In December 2007, after 6 months of intensive and complex planning, a standalone CT operation was successfully performed while drilling operations continued on the main rig. The operations consisted of utilizing a unique small footprint compensation frame to allow access to the flowline from a confined area. Then a 1-1/2-in CT string was deployed into the flowline to retrieve a sample of the blockage for diagnostic purposes. The analysis of the sample dictated the optimal cleanout strategy which was to combine a specialized rotary nozzle with pumping diesel and solvents to successfully clean out the flowline. The blockage was breached at a depth of 3,700 ft after cleaning almost 1,000 ft in less than 24 hours. The flowline was reinstated and gas production restored to >2,000 bbl/d and 8 MMcf, thus preventing the client from losing the lease.
The Serrano flowline is tied back six miles to the Auger TLP platform and consists of 3 wells. The flowline is a single 6 in by 10 in pipe-in-pipe insulated flowline. The flowline and its counter part the Oregano are not only the first pipe-in-pipe single flowline systems but also the first use of an electrical heating flowline system. This heated system was used to aid in the reduction/elimination of potential hydrate formation due to subsea temperatures.

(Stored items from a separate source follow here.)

lemma far_from_endpoint_adjacent_to_other:
  assumes "w \<in> V" "w \<notin> {u1, u2}" "{a, b} = {u1, u2}" "far w a"
  shows "{w, b} \<in> E - {{u1, u2}}"
proof -
  have "a \<in> V" "b \<in> {u1, u2}" "a \<noteq> b"
    using assms(3) endpoints by (auto simp: doubleton_eq_iff)
  obtain a' b' y where "{a', b'} = {u1, u2}" "y \<in> closed_nbhd V E a'" "{y, b'} = {w, a}"
    using far_pair_endpoint_neighbor[OF assms(1) \<open>a \<in> V\<close> assms(4)] by blast
  moreover have "b' \<in> {u1, u2}"
    using \<open>{a', b'} = {u1, u2}\<close> by (metis insertCI)
  ultimately have "y = w" "a' = b"
    using assms(2,3) \<open>a \<noteq> b\<close> by (auto simp: doubleton_eq_iff)
  then have "w \<in> closed_nbhd V E b" "w \<noteq> b"
    using \<open>y \<in> closed_nbhd V E a'\<close> \<open>b \<in> {u1, u2}\<close> assms(2) by auto
  then show ?thesis
    using assms(2) unfolding closed_nbhd_def by (auto simp: insert_commute)
qed

lemma far_from_two_imp_endpoint:
  assumes "w \<in> V" "a \<in> V" "b \<in> V" "a \<noteq> b" "far w a" "far w b"
  shows "w \<in> {u1, u2}"
proof (rule ccontr)
  assume "w \<notin> {u1, u2}"
  then have "{a, b} = {u1, u2}"
    using far_meets_edge[OF assms(1,2,5)] far_meets_edge[OF assms(1,3,6)] assms(4) endpoints(3)
    by auto
  then have "{w, b} \<in> E - {{u1, u2}}"
    using far_from_endpoint_adjacent_to_other[OF assms(1) \<open>w \<notin> {u1, u2}\<close> _ assms(5)] by blast
  then show False
    using not_far_if_edge[OF _ assms(1,3)] assms(6) by blast
qed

In August 2005, the hurricane Katrina evacuation caused a shut-in of the flowlines for 17 days. The flowlines were brought back online without incident. Shortly after the August shut-in, hurricane Rita, November 2005, caused another shut-in for a total of 78 days. The comparison of the well tests completed before each shut-in showed that production values were comparable and little to no loss was seen. The third shut-in was done in July 2006 for 2 days after which a small but noticeable reduction in productivity was seen. The flowline was shut in for 1 week in November 2006. Generator power to the EH (electrical heating) system was lost. Once the flowline was opened back up for restart, it would not flow. It was suspected that a hydrate formed in the flowline during the shut-in period, but other possibilities were sand and paraffin buildup. Pressure (2,800 psi) was applied from the riser side of the blockage; however, it failed to dislodge the plug. Methanol was then pumped down the riser to further prevent hydrate formation since it was possible that the EH system was not functioning properly. The top of the plug has been estimated to begin at approximately 2,200 ft to 3,500 ft, based on the fluid volumes pumped into the flowline from the TLP. There were some variations during the November 2006 shutdown compared to the previous shutdown operations, which include a blowdown of the flowline, a Chilly Choke back pressurization upon restart, and the injection of approximately 24 bbl of MeOH injected into the riser section.